[Opening Data records section]
lemma power_eq_one_iff_prime_dvd:
  fixes z :: "'a::comm_monoid_mult"
  assumes "prime r" "z ^ r = 1" "z \<noteq> 1"
  shows "z ^ n = 1 \<longleftrightarrow> r dvd n"
proof
  assume "z ^ n = 1"
  hence "z ^ gcd n r = 1" using power_gcd_eq_one assms(2) by blast
  moreover have "gcd n r dvd r" by simp
  hence "gcd n r = 1 \<or> gcd n r = r" using assms(1) by (meson prime_nat_iff)
  ultimately have "gcd n r = r" using assms(3) by auto
  thus "r dvd n" by (metis gcd_dvd1)
qed (use assms(2) in \<open>auto simp: power_mult\<close>)

lemma prime_power_dvd_if_power_eq_one:
  fixes z :: "'a::comm_monoid_mult"
  assumes "prime r" "z ^ (r ^ Suc j) = 1" "z ^ (r ^ j) \<noteq> 1" "z ^ a = 1"
  shows "r ^ Suc j dvd a"
proof -
  have "gcd a (r ^ Suc j) dvd r ^ Suc j" by simp
  then obtain i where i: "i \<le> Suc j" "gcd a (r ^ Suc j) = r ^ i"
    using divides_primepow_nat[OF assms(1)] by blast
  have g: "z ^ r ^ i = 1" using power_gcd_eq_one[OF assms(4,2)] i by simp
  have "i = Suc j"
  proof (rule ccontr)
    assume "i \<noteq> Suc j"
    hence "r ^ j = r ^ i * r ^ (j - i)" using i by (simp flip: power_add)
    hence "z ^ r ^ j = 1" using g by (simp add: power_mult)
    thus False using assms(3) by simp
  qed
  thus ?thesis using i by (metis gcd_dvd1)
qed
theorem theorem2:
  fixes VG :: "'a set" and EG :: "('a \<times> 'a) set"
    and VH :: "'b set" and EH :: "('b \<times> 'b) set"
  assumes "simple_graph VG EG" and "connected_graph VG EG" and "card VG \<ge> 2"
    and "simple_graph VH EH" and "connected_graph VH EH" and "card VH \<ge> 2"
  shows "well_dominated (dprod_verts VG VH) (dprod_edges EG EH) \<longleftrightarrow>
     (graph_iso (dprod_verts VG VH) (dprod_edges EG EH)
                (dprod_verts (K_verts 3) (K_verts 3)) (dprod_edges (K_edges 3) (K_edges 3))
      \<or> graph_iso (dprod_verts VG VH) (dprod_edges EG EH)
                (dprod_verts (K_verts 2) (C_verts 4)) (dprod_edges (K_edges 2) (C_edges 4))
      \<or> (\<exists>(VF :: nat set) EF. simple_graph VF EF \<and> connected_graph VF EF \<and>
           graph_iso (dprod_verts VG VH) (dprod_edges EG EH)
                (dprod_verts (K_verts 2) (corona_verts VF))
                (dprod_edges (K_edges 2) (corona_edges VF EF))))"
proof (rule iffI, goal_cases)
  case wd: 1
  from assms(3,6) consider "card VG \<ge> 3" "card VH \<ge> 3" | "card VG = 2" | "card VH = 2" by linarith
  then show ?case
  proof cases
    case 1
    then show ?thesis using well_dominated_dprod_large_iso_K3_K3 assms wd by blast
  next
    case 2
    then show ?thesis using well_dominated_K2_dprod_iso assms wd by blast
  next
    case 3
    then show ?thesis using well_dominated_dprod_K2_iso assms wd by blast
  qed
next
  case iso: 2
  have "finite (dprod_verts VG VH)"
    using assms(1,4) unfolding simple_graph_def dprod_verts_def by simp
  with iso show ?case
    by (elim disjE exE conjE) (blast intro: well_dominated_graph_iso well_dominated_K3_K3
        well_dominated_K2_C4 well_dominated_K2_corona)+
qed

end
[Closing Data records section]
Wherever the word "shows" appears in the entries above, copy that whole line.

  shows "z ^ n = 1 \<longleftrightarrow> r dvd n"
  shows "r ^ Suc j dvd a"
  shows "well_dominated (dprod_verts VG VH) (dprod_edges EG EH) \<longleftrightarrow>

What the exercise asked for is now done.